One instrument you don't typically see at a contemporary pop concert is the flute.
Yet that's the instrument that Erin Burchfield plays on stage as Pip the Pansy.
She learned how to play flute when she was 9 years old and kept practicing through high school. Her sister played piano, but she wanted to march to her own beat in addition to dabbling with the keys.
Music wasn't her first love, though.
"I never grew up thinking 'Oh, I'm going to be a musician,'" Burchfield says. "I didn't even go to live music that often. But all my life I was the artsy kid. My first love is visual arts, but I realized a musical persona could embody all of the things I love. I can be artistic with how I’m presenting it with the graphics, stage design and theater aspect where I can be my own little character. And the music itself to me is beautiful and moving. It's all these things I love wrapped up in one."
Burchfield's musical journey hasn't necessarily been the smoothest, either.
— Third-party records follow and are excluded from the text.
(* Let $n\ge3$, let $i_1,\dots,i_n$ be the canonical generators of $Q_n$, let $j,k<n$ with $j\ne k$, let $x\in\langle i_1,\dots,i_{n-1}\rangle$ and $s\in\{1,-1\}$. If $i_j(i_kx)=s\,(i_k(i_jx))$, then $i_j(i_k(xi_n))=s\,(i_k(i_j(xi_n)))$.
   Context: Cayley--Dickson loops: $Q_0=\{1,-1\}\subset\mathbb{R}$ with conjugation $x^*=x$. For $n\ge1$, $Q_n=\{(x,0),(x,1)\mid x\in Q_{n-1}\}$ with multiplication $(x,0)(y,0)=(xy,0)$, $(x,0)(y,1)=(yx,1)$, $(x,1)(y,0)=(xy^*,1)$, $(x,1)(y,1)=(-y^*x,0)$ and conjugation $(x,0)^*=(x^*,0)$, $(x,1)^*=(-x,1)$, where $-(x,a)=(-x,a)$. $Q_n$ is a loop with neutral element $1=(1,0,\dots,0)$; $-1=(-1,0,\dots,0)$ commutes and associates with all elements. $Q_{n-1}$ is identified with the subloop $\{(x,0)\}\subset Q_n$. Canonical generators: $i_n=(1_{Q_{n-1}},1)\in Q_n$, and $i_1,\dots,i_{n-1}$ are the canonical generators of $Q_{n-1}\subset Q_n$. *)

theory Defs
  imports Main
begin

text \<open>Elements of the Cayley--Dickson loops.
  CBase False = 1, CBase True = -1 in Q_0; CPair x b = (x, b) with b = True meaning 1.\<close>
datatype cd = CBase bool | CPair cd bool

fun cd_level :: "cd \<Rightarrow> nat" where
  "cd_level (CBase _) = 0"
| "cd_level (CPair x _) = Suc (cd_level x)"

definition Q :: "nat \<Rightarrow> cd set" where
  "Q n = {x. cd_level x = n}"

fun cd_neg :: "cd \<Rightarrow> cd" where
  "cd_neg (CBase s) = CBase (\<not> s)"
| "cd_neg (CPair x a) = CPair (cd_neg x) a"

fun cd_conj :: "cd \<Rightarrow> cd" where
  "cd_conj (CBase s) = CBase s"
| "cd_conj (CPair x False) = CPair (cd_conj x) False"
| "cd_conj (CPair x True) = CPair (cd_neg x) True"

lemma size_cd_neg [simp]: "size (cd_neg x) = size x"
  by (induction x) auto

lemma size_cd_conj [simp]: "size (cd_conj x) = size x"
  by (induction x rule: cd_conj.induct) auto

text \<open>Multiplication; on arguments of different levels the value is irrelevant.\<close>
function cd_mult :: "cd \<Rightarrow> cd \<Rightarrow> cd" where
  "cd_mult (CBase s) (CBase t) = CBase (s \<noteq> t)"
| "cd_mult (CPair x False) (CPair y False) = CPair (cd_mult x y) False"
| "cd_mult (CPair x False) (CPair y True) = CPair (cd_mult y x) True"
| "cd_mult (CPair x True) (CPair y False) = CPair (cd_mult x (cd_conj y)) True"
| "cd_mult (CPair x True) (CPair y True) = CPair (cd_neg (cd_mult (cd_conj y) x)) False"
| "cd_mult (CBase s) (CPair y b) = CBase False"
| "cd_mult (CPair x a) (CBase t) = CBase False"
  by pat_completeness auto
termination
  by (relation "measure (\<lambda>(x, y). size x + size y)") auto

fun cd_one :: "nat \<Rightarrow> cd" where
  "cd_one 0 = CBase False"
| "cd_one (Suc n) = CPair (cd_one n) False"

text \<open>Canonical generator i_m of Q_n (for 1 \<le> m \<le> n).\<close>
fun cd_gen :: "nat \<Rightarrow> nat \<Rightarrow> cd" where
  "cd_gen 0 m = CBase False"
| "cd_gen (Suc n) m = (if m = Suc n then CPair (cd_one n) True else CPair (cd_gen n m) False)"

definition cd_ldiv :: "nat \<Rightarrow> cd \<Rightarrow> cd \<Rightarrow> cd" where
  "cd_ldiv n x y = (THE z. z \<in> Q n \<and> cd_mult x z = y)"

definition cd_rdiv :: "nat \<Rightarrow> cd \<Rightarrow> cd \<Rightarrow> cd" where
  "cd_rdiv n y x = (THE z. z \<in> Q n \<and> cd_mult z x = y)"

inductive_set subloop_gen :: "nat \<Rightarrow> cd set \<Rightarrow> cd set" for n S where
  base: "x \<in> S \<Longrightarrow> x \<in> subloop_gen n S"
| one: "cd_one n \<in> subloop_gen n S"
| mult: "x \<in> subloop_gen n S \<Longrightarrow> y \<in> subloop_gen n S \<Longrightarrow> cd_mult x y \<in> subloop_gen n S"
| ldiv: "x \<in> subloop_gen n S \<Longrightarrow> y \<in> subloop_gen n S \<Longrightarrow> cd_ldiv n x y \<in> subloop_gen n S"
| rdiv: "x \<in> subloop_gen n S \<Longrightarrow> y \<in> subloop_gen n S \<Longrightarrow> cd_rdiv n y x \<in> subloop_gen n S"

end

theory Submission
  imports Defs
begin

(* Write x = (y,0) and s = (t,0) with y, t in Q_{n-1}, t = 1 or -1; the
   generators i_j, i_k (j,k < n) are (a,0), (b,0) with a* = -a, b* = -b.  By the
   doubling formulas  x i_n = (y,1)  and  (c,0)(w,1) = (w c,1),  the conclusion says
   (y b) a = ((y a) b) t  in Q_{n-1}, while the hypothesis says  a (b y) = t (b (a y)).
   Conjugation is an anti-automorphism fixing t and negating a, b, so conjugating the
   hypothesis gives  (y* b) a = ((y* a) b) t;  since y* = y or y* = -y and -1 is central,
   the claim follows. *)

lemma level_neg [simp]: "cd_level (cd_neg x) = cd_level x"
  by (induction x) auto

lemma level_conj [simp]: "cd_level (cd_conj x) = cd_level x"
  by (induction x rule: cd_conj.induct) auto

lemma neg_neg [simp]: "cd_neg (cd_neg x) = x"
  by (induction x) auto

lemma conj_neg: "cd_conj (cd_neg x) = cd_neg (cd_conj x)"
  by (induction x rule: cd_conj.induct) auto

lemma conj_conj [simp]: "cd_conj (cd_conj x) = x"
  by (induction x rule: cd_conj.induct) (auto simp: conj_neg)

lemma neg_inj [simp]: "(cd_neg x = cd_neg y) = (x = y)"
  by (metis neg_neg)

lemma conj_inj [simp]: "(cd_conj x = cd_conj y) = (x = y)"
  by (metis conj_conj)

lemma conj_self_or_neg: "cd_conj y = y \<or> cd_conj y = cd_neg y"
  by (induction y rule: cd_conj.induct) auto

lemma level_one [simp]: "cd_level (cd_one n) = n"
  by (induction n) auto

lemma level_gen [simp]: "cd_level (cd_gen n m) = n"
  by (induction n) auto

lemma conj_one [simp]: "cd_conj (cd_one n) = cd_one n"
  by (induction n) auto

lemma conj_gen: "1 \<le> j \<Longrightarrow> j \<le> m \<Longrightarrow> cd_conj (cd_gen m j) = cd_neg (cd_gen m j)"
  by (induction m) auto

lemma gen_lower: "j \<le> m \<Longrightarrow> cd_gen (Suc m) j = CPair (cd_gen m j) False"
  by simp

lemma gen_top: "cd_gen (Suc m) (Suc m) = CPair (cd_one m) True"
  by simp

lemma level_mult [simp]: "cd_level x = cd_level y \<Longrightarrow> cd_level (cd_mult x y) = cd_level x"
  by (induction x y rule: cd_mult.induct) auto

lemma mult_neg:
  "cd_level u = cd_level v \<Longrightarrow>
     cd_mult (cd_neg u) v = cd_neg (cd_mult u v) \<and> cd_mult u (cd_neg v) = cd_neg (cd_mult u v)"
  by (induction u v rule: cd_mult.induct) (auto simp: conj_neg)

lemma mult_neg_left [simp]:
  "cd_level u = cd_level v \<Longrightarrow> cd_mult (cd_neg u) v = cd_neg (cd_mult u v)"
  using mult_neg by blast

lemma mult_neg_right [simp]:
  "cd_level u = cd_level v \<Longrightarrow> cd_mult u (cd_neg v) = cd_neg (cd_mult u v)"
  using mult_neg by blast

lemma conj_mult:
  "cd_level u = cd_level v \<Longrightarrow> cd_conj (cd_mult u v) = cd_mult (cd_conj v) (cd_conj u)"
  by (induction u v rule: cd_mult.induct) (auto simp: conj_neg)

lemma mult_one:
  "cd_level y = n \<Longrightarrow> cd_mult (cd_one n) y = y \<and> cd_mult y (cd_one n) = y"
proof (induction n arbitrary: y)
  case 0
  then show ?case by (cases y) auto
next
  case (Suc n)
  then obtain y' b where "y = CPair y' b" "cd_level y' = n" by (cases y) auto
  with Suc.IH show ?case by (cases b) auto
qed

text \<open>Left and right cancellation; they are proved simultaneously because the doubling
  formulas exchange the two sides and insert conjugations.\<close>
lemma mult_cancel:
  assumes "cd_level x = n" "cd_level y = n" "cd_level z = n"
  shows "(cd_mult x y = cd_mult x z \<longrightarrow> y = z) \<and> (cd_mult y x = cd_mult z x \<longrightarrow> y = z)"
  using assms
proof (induction n arbitrary: x y z)
  case 0
  then show ?case by (cases x; cases y; cases z) auto
next
  case (Suc n)
  obtain x' a where x: "x = CPair x' a" "cd_level x' = n" using Suc.prems by (cases x) auto
  obtain y' b where y: "y = CPair y' b" "cd_level y' = n" using Suc.prems by (cases y) auto
  obtain z' c where z: "z = CPair z' c" "cd_level z' = n" using Suc.prems by (cases z) auto
  have left: "\<And>w p q. cd_level w = n \<Longrightarrow> cd_level p = n \<Longrightarrow> cd_level q = n \<Longrightarrow>
      cd_mult w p = cd_mult w q \<Longrightarrow> p = q"
    and right: "\<And>w p q. cd_level w = n \<Longrightarrow> cd_level p = n \<Longrightarrow> cd_level q = n \<Longrightarrow>
      cd_mult p w = cd_mult q w \<Longrightarrow> p = q"
    using Suc.IH by blast+
  show ?case unfolding x y z
    apply (cases a; cases b; cases c)
      apply (simp_all only: cd_mult.simps cd.inject neg_inj bool.simps simp_thms)
    using x y z left right by (metis level_conj conj_inj)+
qed

section \<open>Q_n is finite, so divisions are well defined\<close>

lemma finite_Q: "finite (Q n)"
proof (induction n)
  case 0
  have "Q 0 = CBase ` UNIV" unfolding Q_def by (auto, case_tac x, auto)
  then show ?case by simp
next
  case (Suc n)
  have "Q (Suc n) = (\<lambda>(x, b). CPair x b) ` (Q n \<times> UNIV)" unfolding Q_def
    by (auto, case_tac x, auto)
  then show ?case using Suc by simp
qed

lemma unique_preimage_Q:
  assumes inj: "inj_on f (Q n)" and into: "f ` Q n \<subseteq> Q n" and y: "y \<in> Q n"
  shows "\<exists>!z. z \<in> Q n \<and> f z = y"
proof -
  have "f ` Q n = Q n" using inj into finite_Q by (simp add: endo_inj_surj)
  then have "\<exists>z\<in>Q n. f z = y" using y by (metis imageE)
  then show ?thesis using inj unfolding inj_on_def by blast
qed

lemma ldiv_spec:
  assumes "x \<in> Q n" "y \<in> Q n"
  shows "cd_ldiv n x y \<in> Q n \<and> cd_mult x (cd_ldiv n x y) = y"
  unfolding cd_ldiv_def
proof (rule theI', rule unique_preimage_Q)
  show "inj_on (cd_mult x) (Q n)" using mult_cancel assms unfolding inj_on_def Q_def by blast
qed (use assms in \<open>auto simp: Q_def\<close>)

lemma rdiv_spec:
  assumes "x \<in> Q n" "y \<in> Q n"
  shows "cd_rdiv n y x \<in> Q n \<and> cd_mult (cd_rdiv n y x) x = y"
  unfolding cd_rdiv_def
proof (rule theI', rule unique_preimage_Q)
  show "inj_on (\<lambda>z. cd_mult z x) (Q n)"
    using mult_cancel assms unfolding inj_on_def Q_def by blast
qed (use assms in \<open>auto simp: Q_def\<close>)

text \<open>If S lies in Q_m x {0}, then so does the subloop of Q_{m+1} it generates: the lower
  half is closed under products, and a quotient with last bit 1 would force the dividend
  or divisor out of the lower half.\<close>
lemma subloop_gen_lower:
  assumes S: "\<forall>s\<in>S. \<exists>y. s = CPair y False \<and> cd_level y = m"
    and x: "x \<in> subloop_gen (Suc m) S"
  shows "\<exists>y. x = CPair y False \<and> cd_level y = m"
  using x
proof (induction rule: subloop_gen.induct)
  case (base x)
  then show ?case using S by blast
next
  case (ldiv x y)
  then have "x \<in> Q (Suc m)" "y \<in> Q (Suc m)" unfolding Q_def by auto
  from ldiv_spec[OF this] obtain z' c where
    "cd_ldiv (Suc m) x y = CPair z' c" "cd_level z' = m" "cd_mult x (CPair z' c) = y"
    unfolding Q_def by (cases "cd_ldiv (Suc m) x y") auto
  then show ?case using ldiv.IH by (cases c) auto
next
  case (rdiv x y)
  then have "x \<in> Q (Suc m)" "y \<in> Q (Suc m)" unfolding Q_def by auto
  from rdiv_spec[OF this] obtain z' c where
    "cd_rdiv (Suc m) y x = CPair z' c" "cd_level z' = m" "cd_mult (CPair z' c) x = y"
    unfolding Q_def by (cases "cd_rdiv (Suc m) y x") auto
  then show ?case using rdiv.IH by (cases c) auto
qed auto

text \<open>For purely imaginary a, b and a sign t, the relation a (b y) = t (b (a y)) implies the
  mirrored relation (y b) a = ((y a) b) t: conjugate, then use y* = y or y* = -y.\<close>
lemma sign_relation_reversed:
  assumes lv: "cd_level a = m" "cd_level b = m" "cd_level y = m"
    and ca: "cd_conj a = cd_neg a" and cb: "cd_conj b = cd_neg b"
    and t: "t = cd_one m \<or> t = cd_neg (cd_one m)"
    and h: "cd_mult a (cd_mult b y) = cd_mult t (cd_mult b (cd_mult a y))"
  shows "cd_mult (cd_mult y b) a = cd_mult (cd_mult (cd_mult y a) b) t"
proof -
  have one: "\<And>u. cd_level u = m \<Longrightarrow> cd_mult (cd_one m) u = u \<and> cd_mult u (cd_one m) = u"
    using mult_one by blast
  have "cd_conj (cd_mult a (cd_mult b y)) = cd_conj (cd_mult t (cd_mult b (cd_mult a y)))"
    using h by simp
  then have conj_rel:
    "cd_mult (cd_mult (cd_conj y) b) a = cd_mult (cd_mult (cd_mult (cd_conj y) a) b) t"
    using lv t one by (auto simp: conj_mult ca cb conj_neg)
  from conj_self_or_neg[of y] show ?thesis
  proof
    assume "cd_conj y = y"
    then show ?thesis using conj_rel by simp
  next
    assume "cd_conj y = cd_neg y"
    then show ?thesis using conj_rel lv t one
      by (auto simp del: neg_inj) (metis neg_neg level_mult)+
  qed
qed

theorem mainTheorem9:
  fixes n j k :: nat and x s :: cd
  assumes "n \<ge> 3"
    and "1 \<le> j" and "j < n" and "1 \<le> k" and "k < n" and "j \<noteq> k"
    and "x \<in> subloop_gen n {cd_gen n m | m. 1 \<le> m \<and> m \<le> n - 1}"
    and "s \<in> {cd_one n, cd_neg (cd_one n)}"
    and "cd_mult (cd_gen n j) (cd_mult (cd_gen n k) x)
         = cd_mult s (cd_mult (cd_gen n k) (cd_mult (cd_gen n j) x))"
  shows "cd_mult (cd_gen n j) (cd_mult (cd_gen n k) (cd_mult x (cd_gen n n)))
         = cd_mult s (cd_mult (cd_gen n k) (cd_mult (cd_gen n j) (cd_mult x (cd_gen n n))))"
proof -
  obtain m where n: "n = Suc m" using assms(1) by (cases n) auto
  have gj: "cd_gen n j = CPair (cd_gen m j) False" and gk: "cd_gen n k = CPair (cd_gen m k) False"
    using assms(3,5) n gen_lower by auto
  have ij: "cd_conj (cd_gen m j) = cd_neg (cd_gen m j)"
    and ik: "cd_conj (cd_gen m k) = cd_neg (cd_gen m k)"
    using assms(2-5) n by (auto intro: conj_gen)
  have "\<forall>g\<in>{cd_gen n i | i. 1 \<le> i \<and> i \<le> n - 1}. \<exists>y. g = CPair y False \<and> cd_level y = m"
    using n by auto
  then obtain y where x: "x = CPair y False" "cd_level y = m"
    using subloop_gen_lower assms(7) unfolding n by blast
  obtain t where s: "s = CPair t False" and t: "t = cd_one m \<or> t = cd_neg (cd_one m)"
    using assms(8) unfolding n by auto
  have "cd_mult (cd_gen m j) (cd_mult (cd_gen m k) y)
        = cd_mult t (cd_mult (cd_gen m k) (cd_mult (cd_gen m j) y))"
    using assms(9) unfolding gj gk x s by simp
  then have "cd_mult (cd_mult y (cd_gen m k)) (cd_gen m j)
             = cd_mult (cd_mult (cd_mult y (cd_gen m j)) (cd_gen m k)) t"
    using sign_relation_reversed[OF _ _ _ ij ik t] x(2) by simp
  moreover have "cd_mult (cd_one m) y = y" using mult_one x by blast
  moreover have "cd_gen n n = CPair (cd_one m) True" using n gen_top by simp
  ultimately show ?thesis unfolding gj gk x s by simp
qed

end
She wasn't always known as Pip the Pansy. Her previous moniker was Wrenn, which she adopted from her grandmother's maiden name. Burchfield had been performing under that stage name for two years when she discovered another artist on the West Coast with the same name. It was unclear who owned the performing and recording rights.
That turned into a trademark lawsuit that Burchfield says ended up costing her around $30,000.
She eventually gave up the rights to the name. What she originally saw as a valiant effort to defend her grandmother's legacy turned into a money-sucking legal battle.
"It was making me selfish," Burchfield says. "I was so hyper-focused on fighting for five letters that I was no longer fighting for what those letters represented. I finally came to the conclusion I had to let it go, but I'm still paying off legal fees."
Along with losing her original brand name, Burchfield also lost record deal opportunities. She says her old label dropped her when she switched her moniker to Pip the Pansy. She chose the new name with the hopes that it would be truly unique in the industry with little chance of a duplicate.
Now, with a new album underway and the legal drama behind her, Burchfield says she's ultimately happy with how things turned out. She's also perfected her instrument and grown as an artist through the process. She incorporates improvised flute segments into her live indie pop performances.
"It's scary to think of improvising when you’re classically trained with something," Burchfield says. "As a kid, I played with a whole orchestra and read sheet music. It's a new world incorporating flute the way I do now, but it’s my weapon of choice."
She plays piano in addition to flute on stage, and when she's songwriting, she typically starts with the keys. When she hits writer's block, though, sometimes she turns to her woodwind friend. That's what happened when she wrote “Tuscan Skies,” which is on her latest 2017 EP, a track that was initially all flutes. The song was comprised of 11 flute parts that were then stripped down in the studio.
Burchfield's current project, "Love Legends: Part 1," will be out July 26. So far, she's released two singles, "Medusa" and "Simon's Song." The theme of the disc is Greek mythology.
On stage, Burchfield embodies the persona of Pip the Pansy. She incorporates colorful flowers, sparkly outfits and other visually appealing elements. She says it's a reflection of how she feels and who she imagines her onstage character to be: whimsical, otherworldly.
"At first my logic was that people were going to remember what they saw more than what they heard," she says. "So I started putting flowers around my keyboard. I thought, 'Even if they don’t remember a song, they'll remember the flower piano.' It was vapid at first, but now I feel like my art is maturing. I want the visuals to have some deeper meaning and match my music."
This time around, she'll have white columns to match the Grecian theme. She assures it will be a spectacle of a performance.
"I like to think if you’re shy, maybe a live show when you see an artist being insane, it gives you permission to release a little bit of the insane part of you," Burchfield says.